Anti-IL-21, liraglutide combination may warrant further investigation for early type 1 diabetes
medwireNews: Phase 2 study results suggest that add-on treatment with an anti-interleukin (IL)-21 antibody plus liraglutide could preserve endogenous insulin secretion in people with recent-onset type 1 diabetes.
The researchers explain that the IL-21 antibody provides “low-grade and transient immunomodulation,” while the glucagon-like peptide (GLP)-1 receptor agonist liraglutide improves β-cell function, and they hypothesized that the combination of both agents “could enable β-cell survival with a reduced risk of complications compared with traditional immunomodulation.”
For the trial, 307 adults aged an average of 28.4 years with a recent (≤20 weeks) diagnosis of type 1 diabetes and a peak C-peptide concentration of at least 0.2 nmol/L were randomly assigned to receive 54 weeks of treatment with anti-IL-21 plus liraglutide, either treatment alone, or placebo.
Anti-IL-21 was given intravenously at a dose of 12 mg/kg every 6 weeks, while liraglutide was self-administered once daily as subcutaneous injections, with a target dose of 1.8 mg. All treatments were given alongside a treat-to-target insulin regimen.

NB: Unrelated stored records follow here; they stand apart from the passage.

text \<open>The graph of the universal instance mirrors condition (F2).\<close>
definition universal_graph :: "(bool \<Rightarrow> nat \<Rightarrow> nat \<Rightarrow> 'v) \<Rightarrow> 'v \<Rightarrow> 'v \<Rightarrow> bool" where
  "universal_graph V u w \<longleftrightarrow> (\<exists>t k t' k'. 0 < k \<and> k \<le> t \<and> 0 < k' \<and> k' \<le> t' \<and> k + k' \<le> max t t' \<and>
      ((u = V True t k \<and> w = V False t' k') \<or> (u = V False t' k' \<and> w = V True t k)))"

definition alg_F_system :: "'v algorithm \<Rightarrow> (bool \<Rightarrow> nat \<Rightarrow> nat \<Rightarrow> 'v) \<Rightarrow> fsys" where
  "alg_F_system alg V c t k = alg_freqs alg (universal_graph V) (phases V t) (V c t k)"

locale vertex_indexing =
  fixes V :: "bool \<Rightarrow> nat \<Rightarrow> nat \<Rightarrow> 'v"
  assumes V_eq_iff: "V c t k = V c' t' k' \<longleftrightarrow> c = c' \<and> t = t' \<and> k = k'"
begin

lemma load_phase:
  "load (phase V \<tau> m) (V c \<tau>' k) = (if \<tau>' = \<tau> \<and> 0 < k \<and> k \<le> m then k else 0)"
  by (induction m) (auto simp: phase.simps V_eq_iff)

lemma load_phase_outside: "(\<forall>c t k. u \<noteq> V c t k) \<Longrightarrow> load (phase V \<tau> m) u = 0"
  by (induction m) (auto simp: phase.simps)

lemma load_phases:
  "load (phases V t) (V c \<tau> k) = (if 0 < k \<and> k \<le> \<tau> \<and> \<tau> \<le> t then k else 0)"
  by (induction t) (auto simp: load_phase V_eq_iff)

lemma load_phases_le: "load (phases V t) u \<le> t"
proof (cases "\<exists>c \<tau> k. u = V c \<tau> k")
  case True
  then show ?thesis by (auto simp: load_phases)
next
  case False
  have "load (phases V t) u = 0"
    using False by (induction t) (auto simp: load_phase_outside)
  then show ?thesis by simp
qed

lemma universal_graph_colouring:
  "universal_graph V u w \<Longrightarrow> (\<exists>t k. u = V True t k) \<noteq> (\<exists>t k. w = V True t k)"
  unfolding universal_graph_def by (auto simp: V_eq_iff)

lemma bipartite_universal_graph: "bipartite_graph (universal_graph V)"
  unfolding bipartite_graph_def
proof (intro conjI exI[of _ "\<lambda>u. \<exists>t k. u = V True t k"])
  show "\<forall>v w. universal_graph V v w \<longrightarrow> universal_graph V w v"
    unfolding universal_graph_def by blast
  show "\<forall>v w. universal_graph V v w \<longrightarrow> (\<exists>t k. v = V True t k) \<noteq> (\<exists>t k. w = V True t k)"
    using universal_graph_colouring by blast
qed

text \<open>After t phases every vertex and every edge carries load at most t,
  so the optimum is at most t.\<close>
lemma opt_phases: "opt (universal_graph V) (load (phases V t)) \<le> t"
proof (rule opt_le[where s = "\<lambda>u. \<exists>t k. u = V True t k"])
  show "universal_graph V u w \<Longrightarrow> load (phases V t) u + load (phases V t) w \<le> t" for u w
    unfolding universal_graph_def by (auto simp: load_phases)
qed (fact universal_graph_colouring load_phases_le)+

Thomas Pieber (Medical University of Graz, Austria) and co-investigators report that participants in the combination therapy group experienced a significantly smaller decrease in mixed-meal tolerance test (MMTT)-stimulated C-peptide levels from baseline to week 54 than those given placebo, with reductions of 10% and 39%, respectively.
These findings suggest that the combination “was significantly better than placebo at preserving endogenous insulin secretion,” say the researchers, noting that the effect “was accompanied by nearly complete maintenance of fasting baseline C-peptide secretion and a reduction in the need for exogenous insulin by almost a third.”
They say that the benefit of combination therapy “seemed to be more pronounced” in people with lower C-peptide levels (≤0.6 nmol/L) at baseline, “possibly reflecting the beneficial effect of anti-IL-21 in preserving the remaining β-cell function.”
For participants given monotherapy, the decreases in MMTT-stimulated C-peptide levels were numerically smaller among those given anti-IL-21 (25 vs 39%) or liraglutide (32 vs 39%) versus placebo, but the between-group differences did not reach statistical significance.
The trial included a 26-week observation period after treatment cessation at week 54, and the team remarks that the benefits of treatment “diminished rapidly” after this time, “as the ongoing autoimmune process presumably resumed.”
In the safety analysis, the investigators say that the adverse event (AE) profiles were consistent with a previous report on anti-IL-21 and the established safety profile of GLP-1 receptor agonists in type 2 diabetes. The most frequently reported AEs in the combination group were nausea (25%) and nasopharyngitis (23%).
Taken together, the phase 2 study results “suggest that this combination has the potential to offer a novel and valuable disease-modifying therapy for patients with recently diagnosed type 1 diabetes,” conclude Pieber and team in The Lancet Diabetes & Endocrinology.
They add that “the efficacy and safety need to be further investigated in a phase 3 programme,” and “[f]urther research is warranted to explore the patient subgroups most likely to benefit” from combination therapy.